INSTRUCTIONS TO FOLLOW -
Of the lines below, copy those that hold the word "assumes".

═════ AVAILABLE DATA

lemma norm_polygon_vertex_diff_ge:
  assumes "0 < M"
  shows "4 * \<bar>real_of_int (cyclic_disp M a b)\<bar> / real M \<le> norm (polygon_vertex M a - polygon_vertex M b)"
proof -
  define x where "x = pi * \<bar>real_of_int (cyclic_disp M a b)\<bar> / real M"
  have "real_of_int (2 * \<bar>cyclic_disp M a b\<bar>) \<le> real_of_int (int M)"
    using abs_cyclic_disp_le[OF assms] unfolding of_int_le_iff .
  then have "0 \<le> x" "x \<le> pi / 2"
    using assms by (simp_all add: x_def field_simps)
  then have "2 / pi * x \<le> sin x" "0 \<le> sin x"
    by (rule Jordan_inequality, intro sin_ge_zero) auto
  then show ?thesis
    unfolding norm_polygon_vertex_diff_cyclic_disp[OF assms] x_def[symmetric] by (simp add: x_def)
qed

lemma norm_polygon_vertex_Suc_le:
  "0 < M \<Longrightarrow> norm (polygon_vertex M a - polygon_vertex M (Suc a mod M)) \<le> 2 * pi / real M"
  using abs_sin_x_le_abs_x[of "pi / real M"]
  by (simp add: polygon_vertex_mod norm_polygon_vertex_diff)

lemma sum_steps_telescope:
  fixes g :: "'a \<Rightarrow> 'b::ab_group_add"
  assumes "xs \<noteq> []"
    and "\<And>t. Suc t < length xs \<Longrightarrow> f (xs ! t) (xs ! Suc t) = g (xs ! Suc t) - g (xs ! t)"
  shows "(\<Sum>t<length xs - 1. f (xs ! t) (xs ! Suc t)) = g (last xs) - g (hd xs)"
proof -
  have "(\<Sum>t<length xs - 1. f (xs ! t) (xs ! Suc t)) = (\<Sum>t<length xs - 1. g (xs ! Suc t) - g (xs ! t))"
    using assms(2) by (intro sum.cong) auto
  also have "\<dots> = g (xs ! (length xs - 1)) - g (xs ! 0)"
    by (rule sum_lessThan_telescope)
  finally show ?thesis
    using assms(1) by (simp add: hd_conv_nth last_conv_nth)
qed

lemma cyclic_disp_sum_cong:
  assumes "xs \<noteq> []"
  shows "int M dvd (\<Sum>t<length xs - 1. cyclic_disp M (xs ! t) (xs ! Suc t)) - (int (last xs) - int (hd xs))"
proof -
  have "(\<Sum>t<length xs - 1. int (xs ! Suc t) - int (xs ! t)) = int (last xs) - int (hd xs)"
    using assms by (rule sum_steps_telescope) simp
  then have "(\<Sum>t<length xs - 1. cyclic_disp M (xs ! t) (xs ! Suc t)) - (int (last xs) - int (hd xs))
      = (\<Sum>t<length xs - 1. cyclic_disp M (xs ! t) (xs ! Suc t) - (int (xs ! Suc t) - int (xs ! t)))"
    by (simp add: sum_subtractf)
  also have "int M dvd \<dots>"
    by (intro dvd_sum cyclic_disp_cong)
  finally show ?thesis .
qed

lemma abs_ge_if_dvd_diff_one:
  fixes D :: int
  assumes "int M dvd D - 1" "D \<noteq> 1"
  shows "int M - 1 \<le> \<bar>D\<bar>"
  using dvd_imp_le_int[of "D - 1" "int M"] assms by simp

lemma cyclic_increment_ne_one:
  fixes g :: "nat \<Rightarrow> int"
  assumes "0 < M"
  shows "\<exists>i<M. g (Suc i mod M) - g i \<noteq> 1"
proof (rule ccontr)
  assume "\<not> ?thesis"
  then have "(\<Sum>i<M. g (Suc i mod M) - g i) = int M"
    by simp
  moreover obtain M' where M: "M = Suc M'"
    using assms gr0_implies_Suc by blast
  have "(\<Sum>i<M'. g (Suc i mod M) - g i) = (\<Sum>i<M'. g (Suc i) - g i)"
    unfolding M by (intro sum.cong) auto
  then have "(\<Sum>i<M. g (Suc i mod M) - g i) = 0"
    unfolding M by (simp add: sum_lessThan_telescope)
  ultimately show False
    using assms by simp
qed

lemma polygon_path_length_ge:
  assumes "2 \<le> M" "xs \<noteq> []" "last xs = Suc (hd xs) mod M"
    and winding: "(\<Sum>t<length xs - 1. cyclic_disp M (xs ! t) (xs ! Suc t)) \<noteq> 1"
  shows "4 * (real M - 1) / real M
    \<le> (\<Sum>t<length xs - 1. norm (polygon_vertex M (xs ! t) - polygon_vertex M (xs ! Suc t)))"
proof -
  define D where "D = (\<Sum>t<length xs - 1. cyclic_disp M (xs ! t) (xs ! Suc t))"
  have "int M dvd D - (int (last xs) - int (hd xs))"
    unfolding D_def using assms(2) by (rule cyclic_disp_sum_cong)
  moreover have "int M dvd int (last xs) - int (Suc (hd xs))"
    unfolding assms(3) by (simp add: of_nat_mod flip: mod_eq_dvd_iff)
  moreover have "D - 1 = (D - (int (last xs) - int (hd xs))) + (int (last xs) - int (Suc (hd xs)))"
    by simp
  ultimately have "int M dvd D - 1"
    by (metis dvd_add)
  then have "int M - 1 \<le> \<bar>D\<bar>"
    using winding unfolding D_def[symmetric] by (rule abs_ge_if_dvd_diff_one)
  then have "real M - 1 \<le> \<bar>real_of_int D\<bar>"
    by linarith
  also have "\<dots> \<le> (\<Sum>t<length xs - 1. \<bar>real_of_int (cyclic_disp M (xs ! t) (xs ! Suc t))\<bar>)"
    unfolding D_def of_int_sum by (rule sum_abs)
  finally have "4 / real M * (real M - 1)
      \<le> 4 / real M * (\<Sum>t<length xs - 1. \<bar>real_of_int (cyclic_disp M (xs ! t) (xs ! Suc t))\<bar>)"
    by (rule mult_left_mono) simp
  then have "4 * (real M - 1) / real M
      \<le> (\<Sum>t<length xs - 1. 4 * \<bar>real_of_int (cyclic_disp M (xs ! t) (xs ! Suc t))\<bar> / real M)"
    by (simp add: sum_distrib_left)
  also have "\<dots> \<le> (\<Sum>t<length xs - 1. norm (polygon_vertex M (xs ! t) - polygon_vertex M (xs ! Suc t)))"
    using assms(1) by (intro sum_mono norm_polygon_vertex_diff_ge) simp
  finally show ?thesis .
qed

lemma walk_imp_rtranclp:
  assumes "is_walk E u v ps"
  shows "(\<lambda>x y. {x, y} \<in> E)\<^sup>*\<^sup>* u v"
proof -
  have "(\<lambda>x y. {x, y} \<in> E)\<^sup>*\<^sup>* (ps ! 0) (ps ! t)" if "t < length ps" for t
    using that
  proof (induction t)
    case (Suc t)
    then have "{ps ! t, ps ! Suc t} \<in> E"
      using assms unfolding is_walk_def by blast
    with Suc show ?case
      by (simp add: rtranclp.rtrancl_into_rtrancl)
  qed simp
  moreover have "ps \<noteq> []" "ps ! 0 = u" "ps ! (length ps - 1) = v"
    using assms unfolding is_walk_def by (auto simp: hd_conv_nth last_conv_nth)
  ultimately show ?thesis
    by force
qed

lemma walk_set_subset:
  assumes "geo_graph S E" "is_walk E u v ps" "u \<in> S"
  shows "set ps \<subseteq> S"
proof
  fix x assume "x \<in> set ps"
  then obtain t where t: "t < length ps" "x = ps ! t"
    by (auto simp: in_set_conv_nth)
  show "x \<in> S"
  proof (cases t)
    case 0
    then show ?thesis
      using assms(2,3) t unfolding is_walk_def by (auto simp: hd_conv_nth)
  next
    case (Suc t')
    then have "{ps ! t', x} \<in> E"
      using assms(2) t unfolding is_walk_def by auto
    then show ?thesis
      using assms(1) unfolding geo_graph_def by auto
  qed
qed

══════════

ANSWER FOR THIS EXERCISE -
  assumes "0 < M"
  assumes "xs \<noteq> []"
  assumes "xs \<noteq> []"
  assumes "int M dvd D - 1" "D \<noteq> 1"
  assumes "0 < M"
  assumes "2 \<le> M" "xs \<noteq> []" "last xs = Suc (hd xs) mod M"
  assumes "is_walk E u v ps"
  assumes "geo_graph S E" "is_walk E u v ps" "u \<in> S"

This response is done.